Warth v. Seldin, 422 U.S. 490 (1975), was a United States Supreme Court case in which the Court reviewed the concept of judicial standing and affirmed that if the plaintiffs lacked standing,  they could not maintain a case against the defendants.

Background 
The plaintiffs brought action against the town of Penfield, New York, a suburb of  Rochester, and against members of the Zoning, Planning, and Town Boards of Penfield, alleging that Penfield's zoning ordinances intentionally and wrongly excluded persons of low and moderate income from living there.  

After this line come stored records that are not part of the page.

section \<open>Quaternionic power series\<close>

lemma sums_fact_ratio_power:
  fixes r :: real
  assumes "\<bar>r\<bar> < 1"
  shows "(\<lambda>k. fact (k + n) / fact k * r ^ k) sums (fact n / (1 - r) ^ (n + 1))"
proof -
  have "(\<lambda>k. (- (real n + 1) gchoose k) * (- r) ^ k) sums (1 + - r) powr (- (real n + 1))"
    using assms by (intro gen_binomial_real) simp
  moreover have "(- (real n + 1) gchoose k) * (- r) ^ k = real ((n + k) choose k) * r ^ k" for k
  proof -
    have "real n + 1 + of_nat k - 1 = real (n + k)"
      by simp
    then have "(- (real n + 1) gchoose k) = (-1) ^ k * real ((n + k) choose k)"
      by (simp only: gbinomial_minus binomial_gbinomial)
    then show ?thesis
      by (simp add: power_minus [of r] mult_ac)
  qed
  moreover have "(1 + - r) powr (- (real n + 1)) = 1 / (1 - r) ^ (n + 1)"
    using assms by (simp add: powr_minus powr_realpow divide_inverse add.commute [of _ 1] flip: of_nat_Suc)
  ultimately have "(\<lambda>k. fact n * (real ((n + k) choose k) * r ^ k)) sums (fact n * (1 / (1 - r) ^ (n + 1)))"
    by (intro sums_mult) simp
  moreover have "fact (k + n) / fact k = fact n * real ((n + k) choose k)" for k
    by (simp add: binomial_fact add.commute)
  ultimately show ?thesis
    by (simp add: mult_ac)
qed

lemma summable_norm_coeff_power:
  assumes conv: "\<And>q. norm q < 1 \<Longrightarrow> summable (\<lambda>n. qmult (qpow q n) (a n))"
    and r: "0 \<le> r" "r < 1"
  shows "summable (\<lambda>n. norm (a n) * r ^ n)"
proof -
  define s where "s = (1 + r) / 2"
  have s: "0 < s" "s < 1" "r < s"
    using r by (auto simp: s_def)
  have "norm ((s, 0, 0, 0) :: quat) = s"
    using s by (simp add: norm_quat)
  then have "(\<lambda>n. qmult (qpow (s, 0, 0, 0) n) (a n)) \<longlonglongrightarrow> 0"
    using conv s by (intro summable_LIMSEQ_zero) simp
  then have "(\<lambda>n. norm (a n) * s ^ n) \<longlonglongrightarrow> 0"
    using tendsto_norm_zero [OF \<open>_ \<longlonglongrightarrow> 0\<close>] by (simp only: norm_qmult_qpow \<open>norm ((s, 0, 0, 0) :: quat) = s\<close>)
  then have "Bseq (\<lambda>n. norm (a n) * s ^ n)"
    by (intro convergent_imp_Bseq convergentI)
  then obtain K where K: "\<And>n. norm (a n) * s ^ n \<le> K"
    using s by (auto simp: Bseq_def abs_mult)
  have le_geometric: "norm (a n) * r ^ n \<le> K * (r / s) ^ n" for n
  proof -
    have "norm (a n) * r ^ n = (norm (a n) * s ^ n) * (r / s) ^ n"
      using s by (simp add: power_divide)
    also have "\<dots> \<le> K * (r / s) ^ n"
      using K r s by (intro mult_right_mono) auto
    finally show ?thesis .
  qed
  have "summable (\<lambda>n. K * (r / s) ^ n)"
    using r s by (intro summable_mult summable_geometric) simp
  then show ?thesis
    by (rule summable_comparison_test' [where N = 0]) (use r le_geometric in \<open>simp add: abs_mult\<close>)
qed

lemma qseries_sums:
  assumes abs_conv: "\<And>r. 0 \<le> r \<Longrightarrow> r < 1 \<Longrightarrow> summable (\<lambda>n. norm (a n) * r ^ n)"
    and "norm q < 1"
  shows "(\<lambda>n. qmult (qpow q n) (a n)) sums qseries a q"
proof -
  have "summable (\<lambda>n. norm (qmult (qpow q n) (a n)))"
    unfolding norm_qmult_qpow by (rule abs_conv [OF norm_ge_zero assms(2)])
  then show ?thesis
    unfolding qseries_def by (rule summable_sums [OF summable_norm_cancel])
qed

lemma qseries_zero: "qseries a 0 = a 0"
proof -
  have "(\<lambda>n. qmult (qpow 0 n) (a n)) = (\<lambda>n. if n = 0 then a 0 else 0)"
  proof
    fix n
    show "qmult (qpow 0 n) (a n) = (if n = 0 then a 0 else 0)"
      by (cases n) (simp_all add: qpow_zero_Suc del: qpow.simps(2))
  qed
  then show ?thesis
    using sums_single [of 0 "\<lambda>_. a 0"] by (simp add: qseries_def sums_iff)
qed

lemma summable_norm_slice_coeff_power:
  assumes "i\<^sup>2 + j\<^sup>2 + k\<^sup>2 = 1" and "summable (\<lambda>n. norm (a n) * r ^ n)" and "0 \<le> r"
  shows "summable (\<lambda>n. norm (slice_coeff i j k (a n)) * r ^ n)"
  using norm_slice_coeff_le [OF assms(1)] assms(3)
  by (intro summable_comparison_test' [OF assms(2), where N = 0]) (simp add: mult_right_mono)

lemma qRe_qseries_slice:
  assumes unit: "i\<^sup>2 + j\<^sup>2 + k\<^sup>2 = 1"
    and abs_conv: "\<And>r. 0 \<le> r \<Longrightarrow> r < 1 \<Longrightarrow> summable (\<lambda>n. norm (a n) * r ^ n)"
    and "norm z < 1"
  shows "qRe (qseries a (slice i j k z)) = Re (\<Sum>n. slice_coeff i j k (a n) * z ^ n)"
proof -
  have "(\<lambda>n. qRe (qmult (qpow (slice i j k z) n) (a n))) sums qRe (qseries a (slice i j k z))"
    unfolding qRe_def using assms
    by (intro bounded_linear.sums [OF bounded_linear_fst] qseries_sums) (simp_all add: norm_slice)
  moreover have "summable (\<lambda>n. slice_coeff i j k (a n) * z ^ n)"
    by (rule summable_norm_cancel)
      (use summable_norm_slice_coeff_power [OF unit abs_conv [OF norm_ge_zero assms(3)] norm_ge_zero]
        in \<open>simp add: norm_mult norm_power\<close>)
  then have "(\<lambda>n. Re (slice_coeff i j k (a n) * z ^ n)) sums Re (\<Sum>n. slice_coeff i j k (a n) * z ^ n)"
    by (intro sums_Re summable_sums)
  ultimately show ?thesis
    by (simp add: qpow_slice [OF unit] qRe_qmult_slice mult.commute sums_unique2)
qed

The not-for-profit housing organization Metro-Act of Rochester joined with several Rochester taxpayers as well as low and moderate-income individuals of various racial and ethnic backgrounds were considered jointly as party-plaintiffs to this action. However, the  United States District Court dismissed the case, citing that the plaintiffs did not have standing to sue. The United States Court of Appeals affirmed the dismissal.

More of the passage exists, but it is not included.